Engineers welcome infrastructure boost

The Institution of Civil Engineers (ICE) has welcomed the Chancellor's Budget announcement of an increase in infrastructure spend. ICE Director General, Nick Baveystock, said: “A £3bn a year boost for public infrastructure investment, despite it not being available until 2015, is a positive and welcome move, as are plans to boost Whitehall’s capability to deliver major infrastructure projects.

"If we are to deliver existing projects more effectively and generate short term growth quickly, this is vital.

“However as Government itself acknowledges, 70% of investment in UK infrastructure will come from private investors and owners and Government must not lose sight of the scale of this challenge. The drawn out process of the Electricity Market Reform, and the scaled down hopes for investment from sources such as pension funds, show there is an urgent need for Government to improve its role as a facilitator of investment. We therefore welcome Government’s commitment to consider options for using independent expertise to help shape it’s strategy – and urge them to engage with the work of Sir John Armitt’s independent review which is looking at this issue.

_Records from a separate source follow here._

(*
  Let z_1, ..., z_r be a cycle produced by MGREEDY-RC. Its closing pair (z_r, z_1) overlaps
  least among the consecutive pairs of the cycle: the pairs inside the cycle were joined by
  earlier greedy steps, while the cycle was closed only when no allowed pair overlapped more.
  The length of <z_1, ..., z_r> is the total length of the vertices minus the overlaps of the
  consecutive pairs, so passing to the rotation <z_(j+1), ..., z_j> trades the overlap of
  (z_j, z_(j+1)) for the smaller one of (z_r, z_1) and can only make the string longer; by
  property (1) that rotation is a suffix of x_C.

  The greedy rule compares overlaps of merged strings rather than of vertices. Since no vertex
  is a substring of another, two merged strings can overlap by more than their end vertices
  only if an end vertex of one straddles a junction inside the other and overlaps the vertex
  after the junction more than the vertex before it does. The run keeps every junction at
  least as overlapping as any foreign end vertex, which excludes this.
*)

section \<open>Reverse complements\<close>

lemma comp_comp [simp]: "comp (comp b) = b"
  by (cases b) auto

lemma rc_rc [simp]: "rc (rc s) = s"
  by (simp add: rc_def rev_map o_def)

lemma rc_eq_iff [simp]: "rc u = rc v \<longleftrightarrow> u = v"
  by (metis rc_rc)

lemma rc_in_image_rc_iff [simp]: "rc x \<in> rc ` A \<longleftrightarrow> x \<in> A"
  by (metis image_iff rc_eq_iff)

lemma length_rc [simp]: "length (rc s) = length s"
  by (simp add: rc_def)

lemma rc_Nil_iff [simp]: "rc s = [] \<longleftrightarrow> s = []"
  by (simp add: rc_def)

lemma drop_rc: "drop k (rc x) = rc (take (length x - k) x)"
  by (simp add: rc_def drop_rev take_map)

lemma take_rc: "take k (rc x) = rc (drop (length x - k) x)"
  by (simp add: rc_def take_rev drop_map)

lemma sublist_rc: "sublist a b \<Longrightarrow> sublist (rc a) (rc b)"
  unfolding rc_def by (simp add: map_mono_sublist)

lemma sublist_rc_iff [simp]: "sublist (rc a) (rc b) \<longleftrightarrow> sublist a b"
  by (metis rc_rc sublist_rc)

lemma rcseq_rcseq [simp]: "rcseq (rcseq X) = X"
  by (simp add: rcseq_def rev_map o_def)

lemma rcseq_eq_iff_swap: "rcseq X = Y \<longleftrightarrow> X = rcseq Y"
  by auto

lemma rcseq_append: "rcseq (p @ q) = rcseq q @ rcseq p"
  by (simp add: rcseq_def)

lemma set_rcseq [simp]: "set (rcseq X) = rc ` set X"
  by (simp add: rcseq_def)

lemma rcseq_Nil_iff [simp]: "rcseq X = [] \<longleftrightarrow> X = []"
  by (simp add: rcseq_def)

lemma hd_rcseq: "X \<noteq> [] \<Longrightarrow> hd (rcseq X) = rc (last X)"
  by (simp add: rcseq_def hd_rev last_map)

lemma last_rcseq: "X \<noteq> [] \<Longrightarrow> last (rcseq X) = rc (hd X)"
  by (simp add: rcseq_def last_rev hd_map)

section \<open>Overlaps and merges\<close>

lemma finite_overlaps: "finite {k. k < length x \<and> k < length y \<and> drop (length x - k) x = take k y}"
  by (rule finite_subset[of _ "{..<length x}"]) auto

text \<open>Overlaps with an empty string are junk (ov is then Max of the empty set), hence the
  nonemptiness hypotheses throughout.\<close>
lemma ov_is_overlap:
  assumes "x \<noteq> []" "y \<noteq> []"
  shows "ov x y < length x" "ov x y < length y" "drop (length x - ov x y) x = take (ov x y) y"
proof -
  have "0 \<in> {k. k < length x \<and> k < length y \<and> drop (length x - k) x = take k y}"
    using assms by simp
  then have "ov x y \<in> {k. k < length x \<and> k < length y \<and> drop (length x - k) x = take k y}"
    unfolding ov_def using finite_overlaps by (intro Max_in) auto
  then show "ov x y < length x" "ov x y < length y" "drop (length x - ov x y) x = take (ov x y) y"
    by simp_all
qed

lemma ov_ge:
  assumes "k < length x" "k < length y" "drop (length x - k) x = take k y"
  shows "k \<le> ov x y"
  unfolding ov_def using assms finite_overlaps by (intro Max_ge) auto

lemma ov_rc: "ov (rc x) (rc y) = ov y x"
proof -
  have "k < length x \<and> k < length y \<and> drop (length x - k) (rc x) = take k (rc y) \<longleftrightarrow>
        k < length y \<and> k < length x \<and> drop (length y - k) y = take k x" for k
    by (auto simp: drop_rc take_rc)
  then show ?thesis
    unfolding ov_def by simp
qed

lemma ov_suffix_prefix_le:
  assumes "suffix a A" "prefix b B" "a \<noteq> []" "b \<noteq> []"
  shows "ov a b \<le> ov A B"
proof -
  obtain A0 where A: "A = A0 @ a" using assms(1) by (auto simp: suffix_def)
  obtain B0 where B: "B = b @ B0" using assms(2) by (auto simp: prefix_def)
  note k = ov_is_overlap[OF assms(3,4)]
  show ?thesis
  proof (rule ov_ge)
    show "ov a b < length A" "ov a b < length B" using k A B by auto
    show "drop (length A - ov a b) A = take (ov a b) B" using k A B by simp
  qed
qed

lemma pref_append_take_ov: "x \<noteq> [] \<Longrightarrow> y \<noteq> [] \<Longrightarrow> pref x y @ take (ov x y) y = x"
  using ov_is_overlap[of x y] unfolding pref_def by (metis append_take_drop_id)

lemma length_pref: "x \<noteq> [] \<Longrightarrow> y \<noteq> [] \<Longrightarrow> length (pref x y) = length x - ov x y"
  using ov_is_overlap[of x y] by (simp add: pref_def)

lemma suffix_last_merge: "xs \<noteq> [] \<Longrightarrow> suffix (last xs) (merge xs)"
  by (induction xs rule: merge.induct) (auto intro: suffix_appendI)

“We would also like to see real, visible progress and fewer re-announcements on existing initiatives – such as the projects identified as receiving assistance under the infrastructure guarantees scheme and the level of funding available through the Pensions Investment Platform.”

The full Budget statement is available here -

 http://www.hm-treasury.gov.uk/budget2013_documents.htm

and the infrastructure delivery update can be found here -

http://www.hm-treasury.gov.uk/d/infrastructure_delivery_update_200313.pdf

please see the last page for a map of the UK illustrating infrastructure project progress in the Eastern region/nation.

Broadly, the key points from the Budget/infrastructure update to note are:

  • Additional capital expenditure of £3bn a year (£15bn over the next decade) – but not until 2015-2016. Therefore this won’t deliver immediate growth or address the danger of industry capacity being permanently lost.
  • Following Lord Deighton’s review of Whitehall’s capacity to deliver infrastructure (announced at the Autumn Statement), Government will ‘implement a series of reforms to effect a step change in its approach to infrastructure delivery … these reforms include creating an enhanced central cadre of commercial infrastructure specialists in IUK who will be deployed into infrastructure projects across Govt, and the establishment by the summer of tough new Infrastructure Capacity Plans to drive forward progress in key Government departments.’
  • Government is committed to ‘ensuring that investors have the confidence to make long-term decisions on major infrastructure projects, based on a policy framework that is informed by an objective and evidence-based assessment of the UK’s infrastructure needs and priorities. The Government will therefore consider options for making more use of independent expertise in shaping its infrastructure strategy.’
  • There has not been an update – or at least any additional breakthroughs - on the 70% + of new infrastructure that will be owned or funded by the private sector.
  • The Green Investment Bank operating as a full bank has been put back another year.
  • In terms of energy, there has been some positive movement – Government intends to take forward two Carbon Capture Storage (CCS) projects to the detailing planning and design stage of the competition. This represents the next step in the £1 billion CCS commercialisation programme.’ Also new planning guidance on community benefits from Shale Gas development is due in the summer.
  • The Comprehensive Spending Review (CSR) on 26th June will set out long-term public spending plans to 2020-21 for the most ‘economically valuable’ areas of capital expenditure in the 2015-16  Spending Round.
  • Government ‘themes’ for the 2015-16 Spending Round will be growth, efficiency and public service reform, including localism and fairness.
  • This week the Government announced its industrial strategy, with construction being one of the 11 sectors having a strategy announced by the summer.
  • This week the Government also announced more devolution to Local Enterprise Partnerships (LEPs) and the creation of a Single Local Growth Fund, devolved to the local level through new Local Growth Deals. The Fund will be operational by April 2015. This follows the recommendations made in the Heseltine review.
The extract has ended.